To do: Select from the data all lines with the word "assms".

Dataset records:
definition exp_dd_integrand :: "complex \<Rightarrow> complex list \<Rightarrow> complex \<Rightarrow> complex" where
  "exp_dd_integrand t ys x = exp (t * x) / (\<Prod>y\<leftarrow>ys. x - y)"

lemma exp_dd_eq_contour_integral:
  "exp_dd t ys = contour_integral (circlepath 0 (dd_radius ys)) (exp_dd_integrand t ys) / (2 * pi * \<i>)"
  unfolding exp_dd_def exp_dd_integrand_def ..

lemma exp_dd_integrand_Nil: "exp_dd_integrand t [] = (\<lambda>x. exp (t * x))"
  by (simp add: exp_dd_integrand_def fun_eq_iff)

lemma exp_dd_integrand_Cons: "exp_dd_integrand t (y # ys) = (\<lambda>x. exp_dd_integrand t ys x / (x - y))"
  by (simp add: exp_dd_integrand_def fun_eq_iff mult.commute)

lemma exp_dd_integrand_append:
  "exp_dd_integrand t (ys @ zs) x = exp_dd_integrand t ys x / (\<Prod>z\<leftarrow>zs. x - z)"
  by (simp add: exp_dd_integrand_def)

lemma exp_dd_integrand_update:
  assumes "i < length ys" "x \<notin> set ys"
  shows "exp_dd_integrand t (ys[i := z]) x = exp_dd_integrand t ys x * (x - ys ! i) / (x - z)"
proof -
  have "x - ys ! i \<noteq> 0"
    using assms by auto
  have "exp_dd_integrand t ys x * (x - ys ! i) / (x - z)
      = exp (t * x) * (x - ys ! i) / ((\<Prod>y\<leftarrow>ys. x - y) * (x - z))"
    by (simp add: exp_dd_integrand_def)
  also have "\<dots> = exp (t * x) * (x - ys ! i) / ((\<Prod>y\<leftarrow>ys[i := z]. x - y) * (x - ys ! i))"
    by (simp only: prod_list_map_update[OF assms(1)])
  also have "\<dots> = exp_dd_integrand t (ys[i := z]) x"
    using \<open>x - ys ! i \<noteq> 0\<close> by (simp add: exp_dd_integrand_def)
  finally show ?thesis ..
qed

lemma holomorphic_on_exp_dd_integrand: "exp_dd_integrand t ys holomorphic_on - set ys"
  unfolding exp_dd_integrand_def[abs_def] prod_list_map_conv_prod_nth
  by (intro holomorphic_intros) auto

lemma continuous_on_exp_dd_integrand:
  assumes "S \<subseteq> - set ys"
  shows "continuous_on S (exp_dd_integrand t ys)"
  using holomorphic_on_subset[OF holomorphic_on_exp_dd_integrand assms]
  by (rule holomorphic_on_imp_continuous_on)

lemma has_field_derivative_exp_dd_integrand:
  assumes "x \<notin> set ys"
  shows "(exp_dd_integrand t ys has_field_derivative
           exp_dd_integrand t ys x * (t - (\<Sum>y\<leftarrow>ys. 1 / (x - y)))) (at x)"
  using assms
proof (induction ys)
  case Nil
  then show ?case
    by (auto simp: exp_dd_integrand_Nil intro!: derivative_eq_intros)
next
  case (Cons y ys)
  then have "x - y \<noteq> 0" by simp
  with Cons show ?case
    unfolding exp_dd_integrand_Cons
    by (auto intro!: derivative_eq_intros simp: field_simps power2_eq_square)
qed

lemma has_field_derivative_sum_list_reciprocals:
  assumes "x \<notin> set ys"
  shows "((\<lambda>x. \<Sum>y\<leftarrow>ys. 1 / (x - y)) has_field_derivative - (\<Sum>y\<leftarrow>ys. 1 / (x - y)^2)) (at x)"
  using assms
proof (induction ys)
  case Nil
  then show ?case by simp
next
  case (Cons y ys)
  then have "x - y \<noteq> 0" by simp
  with Cons show ?case
    by (auto intro!: derivative_eq_intros simp: field_simps power2_eq_square)
qed

lemma has_contour_integral_exp_dd:
  assumes "\<forall>y\<in>set ys. norm y < r" and "0 < r"
  shows "(exp_dd_integrand t ys has_contour_integral 2 * pi * \<i> * exp_dd t ys) (circlepath 0 r)"
proof -
  define M where "M = Max (insert 0 (norm ` set ys))"
  have "M < r" "M < dd_radius ys"
    using assms norm_lt_dd_radius dd_radius_pos by (auto simp: M_def)
  have "{x. M < norm x} \<subseteq> - set ys"
    by (auto simp: M_def)
  then have holo: "exp_dd_integrand t ys holomorphic_on {x. M < norm x}"
    by (rule holomorphic_on_subset[OF holomorphic_on_exp_dd_integrand])
  have "open {x::complex. M < norm x}"
    by (intro open_Collect_less continuous_intros)
  then have "exp_dd_integrand t ys contour_integrable_on circlepath 0 r"
    by (rule contour_integrable_holomorphic_simple[OF holo]) (use \<open>M < r\<close> in auto)
  moreover have "contour_integral (circlepath 0 r) (exp_dd_integrand t ys) = 2 * pi * \<i> * exp_dd t ys"
    unfolding exp_dd_eq_contour_integral
    using contour_integral_concentric_circlepaths_eq[OF holo \<open>M < r\<close> \<open>M < dd_radius ys\<close>] by simp
  ultimately show ?thesis
    by (metis has_contour_integral_integral)
qed

lemma has_contour_integral_exp_dd_subset:
  assumes "set ys \<subseteq> set xs"
  shows "(exp_dd_integrand t ys has_contour_integral 2 * pi * \<i> * exp_dd t ys) (circlepath 0 (dd_radius xs))"
  using assms norm_lt_dd_radius dd_radius_pos by (intro has_contour_integral_exp_dd) auto

lemma has_field_derivative_exp_dd:
  "((\<lambda>t. exp_dd t ys) has_field_derivative
      contour_integral (circlepath 0 (dd_radius ys)) (\<lambda>x. x * exp_dd_integrand t ys x) / (2 * pi * \<i>))
    (at t)"
proof -
  let ?r = "dd_radius ys"
  have off_nodes: "x \<notin> set ys" if "norm x = ?r" for x
    using that norm_lt_dd_radius by fastforce
  have "((\<lambda>t. contour_integral (circlepath 0 ?r) (exp_dd_integrand t ys)) has_field_derivative
          contour_integral (circlepath 0 ?r) (\<lambda>x. x * exp_dd_integrand t ys x)) (at t)"
  proof (rule has_field_derivative_contour_integral_circlepath[OF open_UNIV convex_UNIV UNIV_I dd_radius_pos])
    fix w x :: complex
    assume "norm x = ?r"
    then have "(\<Prod>y\<leftarrow>ys. x - y) \<noteq> 0"
      using off_nodes by (auto simp: prod_list_zero_iff)
    then show "((\<lambda>w. exp_dd_integrand w ys x) has_field_derivative x * exp_dd_integrand w ys x) (at w)"
      unfolding exp_dd_integrand_def by (auto intro!: derivative_eq_intros)
  next
    fix w :: complex
    show "continuous_on (sphere 0 ?r) (exp_dd_integrand w ys)"
      using off_nodes by (intro continuous_on_exp_dd_integrand) auto
  next
    show "continuous_on (UNIV \<times> sphere 0 ?r) (\<lambda>(w, x). x * exp_dd_integrand w ys x)"
      unfolding exp_dd_integrand_def prod_list_map_conv_prod_nth case_prod_beta'
      using off_nodes by (intro continuous_intros) (auto dest: nth_mem)
  qed
  then show ?thesis
    unfolding exp_dd_eq_contour_integral by (rule DERIV_cdivide)
qed

lemma has_contour_integral_exp_dd_vector_derivative:
  "((\<lambda>x. x * exp_dd_integrand (- complex_of_real \<tau>) ys x) has_contour_integral
      - (2 * pi * \<i>) * vector_derivative (\<lambda>s::real. exp_dd (- complex_of_real s) ys) (at \<tau>))
    (circlepath 0 (dd_radius ys))"
proof -
  let ?\<Gamma> = "circlepath 0 (dd_radius ys)"
  let ?g = "\<lambda>x. x * exp_dd_integrand (- complex_of_real \<tau>) ys x"
  have "path_image ?\<Gamma> \<subseteq> - set ys"
    using dd_radius_pos[of ys] by (auto dest: norm_lt_dd_radius)
  then have integrable: "?g contour_integrable_on ?\<Gamma>"
    using holomorphic_on_exp_dd_integrand finite_imp_closed[OF finite_set, of ys]
    by (intro contour_integrable_holomorphic_simple[where S = "- set ys"] holomorphic_intros) auto
  have "((\<lambda>s::real. - complex_of_real s) has_vector_derivative -1) (at \<tau>)"
    by (auto intro!: derivative_eq_intros)
  from field_vector_diff_chain_at[OF this has_field_derivative_exp_dd]
  have "vector_derivative (\<lambda>s::real. exp_dd (- complex_of_real s) ys) (at \<tau>)
      = - (contour_integral ?\<Gamma> ?g / (2 * pi * \<i>))"
    unfolding o_def by (simp add: vector_derivative_at)
  with integrable show ?thesis
    by (simp add: has_contour_integral_integral)
qed

lemma has_contour_integral_exp_dd_update:
  assumes i: "i < length ys" and nodes: "\<forall>y\<in>set ys. norm y < r" and "norm z < r"
  shows "((\<lambda>x. exp_dd_integrand t ys x * (x - ys ! i) / (x - z)) has_contour_integral
           2 * pi * \<i> * exp_dd t (ys[i := z])) (circlepath 0 r)"
proof -
  have "0 < r"
    using \<open>norm z < r\<close> norm_ge_zero by (rule le_less_trans[rotated])
  have "\<forall>y\<in>set (ys[i := z]). norm y < r"
    using set_update_subset_insert[of ys i z] nodes \<open>norm z < r\<close> by blast
  from has_contour_integral_exp_dd[OF this \<open>0 < r\<close>, of t]
  show ?thesis
    by (rule has_contour_integral_eq) (use \<open>0 < r\<close> i nodes in \<open>auto simp: exp_dd_integrand_update\<close>)
qed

Reply:
    using assms by auto
    by (simp only: prod_list_map_update[OF assms(1)])
  using holomorphic_on_subset[OF holomorphic_on_exp_dd_integrand assms]
  using assms
  using assms
    using assms norm_lt_dd_radius dd_radius_pos by (auto simp: M_def)
  using assms norm_lt_dd_radius dd_radius_pos by (intro has_contour_integral_exp_dd) auto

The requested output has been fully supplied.